First study the Makefile
:
# directory containing source data
SRCDIR := data
# directory containing intermediate data
TMPDIR := processed_data
# results directory
RESDIR := results
# all source files (book texts)
SRCS = $(wildcard $(SRCDIR)/*.txt)
# all intermediate data files
DATA = $(patsubst $(SRCDIR)/%.txt,$(TMPDIR)/%.dat,$(SRCS))
# all images
IMAGES = $(patsubst $(SRCDIR)/%.txt,$(RESDIR)/%.png,$(SRCS))
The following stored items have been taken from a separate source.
(* Let $n\geq1$ and $m=2^{n+1}-1$. Let $e_1,e_3,\dots,e_{2^n-1}\in\mathrm K(n)^*(\mathrm{SO}_m)$ be the generators of $\mathrm K(n)^*(\mathrm{SO}_m)=\mathbb F_2[v_n^{\pm1}][e_1,e_3,\dots,e_{2^n-1}]/(e_{2i-1}^{2^{k_i}})$, $k_i=\lfloor\log_2\frac{2^{n+1}-2}{2i-1}\rfloor$, with co-multiplication as in Theorem 3.1, and let $\alpha_{2^n-1}\in\mathrm K(n)^*(\mathrm{SO}_m)^\vee$ be the element of the basis dual to the monomial basis $\{\prod_i e_{2i-1}^{t_i}:0\le t_i<2^{k_i}\}$ corresponding to $e_{2^n-1}$. Then the only idempotents of the algebra $\mathrm K(n)^*(\mathrm{SO}_m)^\vee$ other than $0$ and $1$ are $v_n^{-1}\alpha_{2^n-1}$ and $1-v_n^{-1}\alpha_{2^n-1}$.
   Context: Base field of characteristic $0$, prime $2$. $\mathrm K(n)^*=\Omega^*\otimes_{\mathbb L}\mathbb F_2[v_n^{\pm1}]$ algebraic Morava K-theory; $\mathrm K(n)^*(\mathrm{SO}_m)$ is a Hopf algebra over $\mathbb F_2[v_n^{\pm1}]$, free of finite rank, with co-multiplication induced by the multiplication of the split group $\mathrm{SO}_m$; $\mathrm K(n)^*(\mathrm{SO}_m)^\vee=\mathrm{Hom}_{\mathbb F_2[v_n^{\pm1}]}(\mathrm K(n)^*(\mathrm{SO}_m),\mathbb F_2[v_n^{\pm1}])$ with multiplication dual to the co-multiplication. Theorem 3.1: $\widetilde\Delta(e_{2^n-1})=v_ne_{2^n-1}\otimes e_{2^n-1}$ and, with $\langle t\rangle=2^n-1-t$, $e_{2^dj}:=e_j^{2^d}$, $\widetilde\Delta(e_{\langle 2k\rangle})=\sum_{i=0}^{\nu_2(k)}v_n^{i+1}e_{\langle k/2^i\rangle}\otimes e_{\langle k/2^i\rangle}\prod_{j<i}(e_{\langle k/2^j\rangle}\otimes1+1\otimes e_{\langle k/2^j\rangle})$ for $1\le k\le2^{n-1}-1$. *)

theory Defs
  imports Complex_Main "HOL-Library.Poly_Mapping" "HOL-Library.Z2"
    "HOL-Computational_Algebra.Primes"
begin

section \<open>Coefficient ring F_2[v_n, v_n^-1] as the group algebra F_2[Z]\<close>

type_synonym coef = "int \<Rightarrow>\<^sub>0 bit"

definition vn :: coef where "vn = Poly_Mapping.single 1 1"
definition vn_inv :: coef where "vn_inv = Poly_Mapping.single (-1) 1"

section \<open>Truncated polynomial algebras R[x_i : i in I]/(x_i^(B i))\<close>

text \<open>An element is given by its coefficients on the monomial basis;
  a monomial is an exponent vector t with t i < B i on I and t i = 0 off I.\<close>

type_synonym 'i elt = "('i \<Rightarrow> nat) \<Rightarrow> coef"

definition monset :: "'i set \<Rightarrow> ('i \<Rightarrow> nat) \<Rightarrow> ('i \<Rightarrow> nat) set" where
  "monset I B = {t. (\<forall>i\<in>I. t i < B i) \<and> (\<forall>i. i \<notin> I \<longrightarrow> t i = 0)}"

definition tmul :: "'i set \<Rightarrow> ('i \<Rightarrow> nat) \<Rightarrow> 'i elt \<Rightarrow> 'i elt \<Rightarrow> 'i elt" where
  "tmul I B p q = (\<lambda>t. if t \<in> monset I B then
     (\<Sum>(a,b) \<in> {(a,b). a \<in> monset I B \<and> b \<in> monset I B \<and> (\<lambda>i. a i + b i) = t}. p a * q b)
     else 0)"

definition tone :: "'i set \<Rightarrow> ('i \<Rightarrow> nat) \<Rightarrow> 'i elt" where
  "tone I B = (\<lambda>t. if t = (\<lambda>_. 0) \<and> t \<in> monset I B then 1 else 0)"

definition tadd :: "'i elt \<Rightarrow> 'i elt \<Rightarrow> 'i elt" where
  "tadd p q = (\<lambda>t. p t + q t)"

definition tsmul :: "coef \<Rightarrow> 'i elt \<Rightarrow> 'i elt" where
  "tsmul c p = (\<lambda>t. c * p t)"

definition tvar :: "'i set \<Rightarrow> ('i \<Rightarrow> nat) \<Rightarrow> 'i \<Rightarrow> 'i elt" where
  "tvar I B i = (\<lambda>t. if t = (\<lambda>j. if j = i then 1 else 0) \<and> t \<in> monset I B then 1 else 0)"

primrec tpow :: "'i set \<Rightarrow> ('i \<Rightarrow> nat) \<Rightarrow> 'i elt \<Rightarrow> nat \<Rightarrow> 'i elt" where
  "tpow I B p 0 = tone I B"
| "tpow I B p (Suc k) = tmul I B p (tpow I B p k)"

definition tprod_list :: "'i set \<Rightarrow> ('i \<Rightarrow> nat) \<Rightarrow> 'i elt list \<Rightarrow> 'i elt" where
  "tprod_list I B ps = foldr (tmul I B) ps (tone I B)"

definition tsum_list :: "'i elt list \<Rightarrow> 'i elt" where
  "tsum_list ps = foldr tadd ps (\<lambda>_. 0)"

text \<open>Generators e_j, j odd, 1 \<le> j \<le> 2^n - 1, with e_j^(2^(k_j)) = 0,
  k_j = floor(log_2((2^(n+1)-2)/j)).\<close>

definition gens :: "nat \<Rightarrow> nat set" where
  "gens n = {j. odd j \<and> j < 2 ^ n}"

definition kexp :: "nat \<Rightarrow> nat \<Rightarrow> nat" where
  "kexp n j = nat \<lfloor>log 2 (real (2 ^ (n + 1) - 2) / real j)\<rfloor>"

definition bnd :: "nat \<Rightarrow> nat \<Rightarrow> nat" where
  "bnd n j = 2 ^ kexp n j"

definition MonA :: "nat \<Rightarrow> (nat \<Rightarrow> nat) set" where
  "MonA n = monset (gens n) (bnd n)"

text \<open>The tensor square A \<otimes> A is the truncated algebra in variables
  (False, j) = e_j \<otimes> 1 and (True, j) = 1 \<otimes> e_j.\<close>

definition I2 :: "nat \<Rightarrow> (bool \<times> nat) set" where
  "I2 n = (UNIV :: bool set) \<times> gens n"

definition B2 :: "nat \<Rightarrow> bool \<times> nat \<Rightarrow> nat" where
  "B2 n = (\<lambda>(s, j). bnd n j)"

definition pairmon :: "(nat \<Rightarrow> nat) \<Rightarrow> (nat \<Rightarrow> nat) \<Rightarrow> (bool \<times> nat \<Rightarrow> nat)" where
  "pairmon a b = (\<lambda>(s, j). if s then b j else a j)"

text \<open>e_m for arbitrary m \<ge> 1, via e_(2^d j) = e_j^(2^d) (j odd), placed on
  the left (side = False) or right (side = True) tensor factor.\<close>

definition Ebar :: "bool \<Rightarrow> nat \<Rightarrow> nat \<Rightarrow> (bool \<times> nat) elt" where
  "Ebar side n m = tpow (I2 n) (B2 n)
     (tvar (I2 n) (B2 n) (side, m div 2 ^ multiplicity (2::nat) m)) (2 ^ multiplicity (2::nat) m)"

definition ang :: "nat \<Rightarrow> nat \<Rightarrow> nat" where
  "ang n t = 2 ^ n - 1 - t"

text \<open>Reduced co-multiplication of generators (Theorem 3.1).\<close>

definition red_coprod :: "nat \<Rightarrow> nat \<Rightarrow> (bool \<times> nat) elt" where
  "red_coprod n j =
    (if j = 2 ^ n - 1 then
       tsmul vn (tmul (I2 n) (B2 n) (Ebar False n j) (Ebar True n j))
     else
       (let k = (2 ^ n - 1 - j) div 2 in
        tsum_list
         (map (\<lambda>i. tsmul (vn ^ (i + 1))
                 (tmul (I2 n) (B2 n)
                   (tmul (I2 n) (B2 n) (Ebar False n (ang n (k div 2 ^ i)))
                                        (Ebar True n (ang n (k div 2 ^ i))))
                   (tprod_list (I2 n) (B2 n)
                     (map (\<lambda>l. tadd (Ebar False n (ang n (k div 2 ^ l)))
                                     (Ebar True n (ang n (k div 2 ^ l))))
                          [0..<i]))))
              [0..<multiplicity (2::nat) k + 1])))"

definition coprod_gen :: "nat \<Rightarrow> nat \<Rightarrow> (bool \<times> nat) elt" where
  "coprod_gen n j = tadd (tadd (Ebar False n j) (Ebar True n j)) (red_coprod n j)"

text \<open>Co-multiplication of a basis monomial (multiplicativity of \<Delta>).\<close>

definition coprod_mon :: "nat \<Rightarrow> (nat \<Rightarrow> nat) \<Rightarrow> (bool \<times> nat) elt" where
  "coprod_mon n t = tprod_list (I2 n) (B2 n)
     (map (\<lambda>j. tpow (I2 n) (B2 n) (coprod_gen n j) (t j)) (filter odd [0..<2 ^ n]))"

text \<open>An R-linear form is given by its values on the monomial basis.\<close>

definition dual :: "nat \<Rightarrow> ((nat \<Rightarrow> nat) \<Rightarrow> coef) set" where
  "dual n = {f. \<forall>t. t \<notin> MonA n \<longrightarrow> f t = 0}"

definition dmul :: "nat \<Rightarrow> ((nat \<Rightarrow> nat) \<Rightarrow> coef) \<Rightarrow> ((nat \<Rightarrow> nat) \<Rightarrow> coef)
    \<Rightarrow> ((nat \<Rightarrow> nat) \<Rightarrow> coef)" where
  "dmul n f g = (\<lambda>x. if x \<in> MonA n then
     (\<Sum>a\<in>MonA n. \<Sum>b\<in>MonA n. coprod_mon n x (pairmon a b) * f a * g b) else 0)"
(* Let $G$ be a finite simple graph with edge weight function $w$ and vertex weight function $w_1$, let $u$ be a vertex of $G$, and let $T=T(G,u)$ be the weighted path-tree of $G$ with respect to $u$. Then $$\frac{\eta_{(w,w_1)}(G\setminus u,x)}{\eta_{(w,w_1)}(G,x)}=\frac{\eta_{(w,w_1)}(T\setminus u,x)}{\eta_{(w,w_1)}(T,x)}.$$
   Context: An edge weight function $w$ assigns a nonzero complex number to each edge; a vertex weight function $w_1$ assigns a real number (possibly $0$) to each vertex; subgraphs carry restricted weights; $G\setminus u$ deletes $u$ and its incident edges. For $A\subseteq E(G)$, $w(A)=\prod_{e\in A}w(e)$. $\mu_w(G,x)=\sum_{M}(-1)^{|M|}|w(M)|^2x^{n-2|M|}$ over all matchings $M$ (including empty). $\eta_{(w,w_1)}(G,x)=\sum_{S\subseteq V(G)}(-1)^{|V(G)\setminus S|}\big(\prod_{v\in V(G)\setminus S}w_1(v)\big)\mu_w(G[S],x)$ with $G[S]$ the induced subgraph; $\mu_w,\eta$ of the empty graph equal $1$. The path-tree $T(G,u)$ has as vertices the paths in $G$ starting at $u$ (the trivial path $u$ included, and denoted $u$); two such paths are adjacent iff one is obtained from the other by appending one vertex, i.e. $p'=p\,y$ where $y$ is adjacent in $G$ to the last vertex $z$ of $p$; this edge gets weight $w(e_{zy})$. The vertex $u$ of $T$ gets weight $w_1(u)$, and a path of length at least $1$ gets weight $w_1$ of its endpoint other than $u$. *)

theory Defs
  imports Complex_Main
begin
(* Let $r\geq1$ be odd, $m\geq 3$, $n=(r+1)m$, let $u$ be an integer with $\gcd(u,2^m-1)=1$, let $\alpha$ be a primitive element of $\mathbb{F}_{2^{rm}}$, and let $0\leq s,l\leq 2^{rm}-2$ be integers. For $0\le k\le 2^{rm}-2$ let $\Delta_k=\{\alpha^i\mid k\leq i\leq k+2^{rm-1}-1\}$. Let $F\colon\mathbb{F}_{2^{rm}}\times\mathbb{F}_{2^m}\to\mathbb{F}_2$ be the Boolean function with $$\mathrm{supp}(F)=\{(\gamma y^u,y)\mid y\in\mathbb{F}_{2^m}^*,\ \gamma\in\Delta_s\}\cup\{(\gamma,0)\mid\gamma\in\Delta_l\}.$$ Then the bivariate representation of $F$ over $\mathbb{F}_{2^{rm}}\times\mathbb{F}_{2^m}$ is $$F(x,y)=\sum_{\substack{i=1\\(2^m-1)\nmid i}}^{2^{rm}-2}\alpha^{-is}(1+\alpha^{-i})^{2^{rm-1}-1}x^iy^{2^m-1-\overline{ui}}+\sum_{j=1}^{\frac{2^{rm}-1}{2^m-1}-1}\alpha^{-(2^m-1)js}\bigl(1+\alpha^{-(2^m-1)j}\bigr)^{2^{rm-1}-1}x^{(2^m-1)j}y^{2^m-1}$$ $$\qquad+\sum_{i=1}^{2^{rm}-2}\alpha^{-il}(1+\alpha^{-i})^{2^{rm-1}-1}x^i(1+y^{2^m-1}),$$ where $\overline{ui}$ denotes the reduction of $ui$ modulo $2^m-1$ in $\{0,1,\dots,2^m-2\}$. Consequently $\deg F=n-1$.
   Context: $\mathbb{F}_{2^{rm}}\times\mathbb{F}_{2^m}$ is viewed as an $n$-dimensional $\mathbb{F}_2$-vector space ($\mathbb{F}_{2^m}\subseteq\mathbb{F}_{2^{rm}}$). The bivariate representation of a Boolean function on $\mathbb{F}_{2^{rm}}\times\mathbb{F}_{2^m}$ is the unique polynomial $\sum_{i=0}^{2^{rm}-1}\sum_{j=0}^{2^m-1}c_{i,j}x^iy^j$ with $c_{i,j}\in\mathbb{F}_{2^{rm}}$ agreeing with the function everywhere. $\deg F$ is the algebraic degree of $F$ (degree of its algebraic normal form in $n$ binary coordinates). *)

theory Defs
  imports Main
begin

text \<open>The subfield F_(2^m) of a finite field 'a of order 2^(r m): the fixed points of y -> y^(2^m).\<close>
definition subfield_K :: "nat \<Rightarrow> 'a::field set" where
  "subfield_K m = {y. y ^ (2 ^ m) = y}"

definition is_bivariate_rep :: "nat \<Rightarrow> nat \<Rightarrow> ('a \<times> 'a \<Rightarrow> 'a) \<Rightarrow> (nat \<Rightarrow> nat \<Rightarrow> 'a::field) \<Rightarrow> bool" where
  "is_bivariate_rep r m F c \<longleftrightarrow>
     (\<forall>i j. (2 ^ (r * m) \<le> i \<or> 2 ^ m \<le> j) \<longrightarrow> c i j = 0) \<and>
     (\<forall>x y. y \<in> subfield_K m \<longrightarrow>
        F (x, y) = (\<Sum>i<2 ^ (r * m). \<Sum>j<2 ^ m. c i j * x ^ i * y ^ j))"

definition bivariate_rep :: "nat \<Rightarrow> nat \<Rightarrow> ('a \<times> 'a \<Rightarrow> 'a) \<Rightarrow> (nat \<Rightarrow> nat \<Rightarrow> 'a::field)" where
  "bivariate_rep r m F = (THE c. is_bivariate_rep r m F c)"

text \<open>Binary coordinates: the point with coordinate vector the indicator of T, w.r.t. the
  vectors b 0, b 1, ...\<close>
definition F2_coords :: "(nat \<Rightarrow> 'a::comm_monoid_add \<times> 'a) \<Rightarrow> nat set \<Rightarrow> 'a \<times> 'a" where
  "F2_coords b T = ((\<Sum>t\<in>T. fst (b t)), (\<Sum>t\<in>T. snd (b t)))"

definition is_F2_basis :: "nat \<Rightarrow> ('a::comm_monoid_add \<times> 'a) set \<Rightarrow> (nat \<Rightarrow> 'a \<times> 'a) \<Rightarrow> bool" where
  "is_F2_basis n D b \<longleftrightarrow> bij_betw (F2_coords b) (Pow {..<n}) D"

text \<open>ANF coefficient of the monomial prod_{i in S} x_i (Moebius transform over F_2).\<close>
definition anf_coeff :: "(nat \<Rightarrow> 'a::comm_monoid_add \<times> 'a) \<Rightarrow> ('a \<times> 'a \<Rightarrow> bool) \<Rightarrow> nat set \<Rightarrow> bool" where
  "anf_coeff b F S \<longleftrightarrow> odd (card {T. T \<subseteq> S \<and> F (F2_coords b T)})"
all: $(DATA) $(IMAGES) $(RESDIR)/results.txt
$(TMPDIR)/%.dat: $(SRCDIR)/%.txt source/wordcount.py
python source/wordcount.py $< $@
$(RESDIR)/%.png: $(TMPDIR)/%.dat source/plotcount.py
python source/plotcount.py $< $@
$(RESDIR)/results.txt: $(DATA) source/zipf_test.py
python source/zipf_test.py $(DATA) > $@
clean:
@$(RM) $(TMPDIR)/*
@$(RM) $(RESDIR)/*
.PHONY: clean directories
It contains rules that relate targets to dependencies and commands:
# rule (mind the tab)
target: dependencies
command(s)
We can think of it as follows:
outputs: inputs
command(s)
Try it out:
$ make clean
$ make
Make uses declarative style: we describe dependencies but we let Make figure out the series of steps to produce results (targets). Fun fact: Excel is also declarative, not imperative.
Try running make
again and discuss why it refused to rerun all steps:
$ make
make: Nothing to be done for 'all'.
Make a modification to a txt or a dat file and run make
again and discuss
what you see. One way to modify files is to use the touch
command which will
only update its timestamp:
$ touch data/sierra.txt
$ make
How did Make know which steps to rerun?
Finally try to run the pipeline on several cores in parallel (here we will try 4):
$ make clean
$ make -j 4
Discussion
Discuss the pros and cons of this approach. Is it reproducible? Does it scale to hundreds of books? Can it be automated?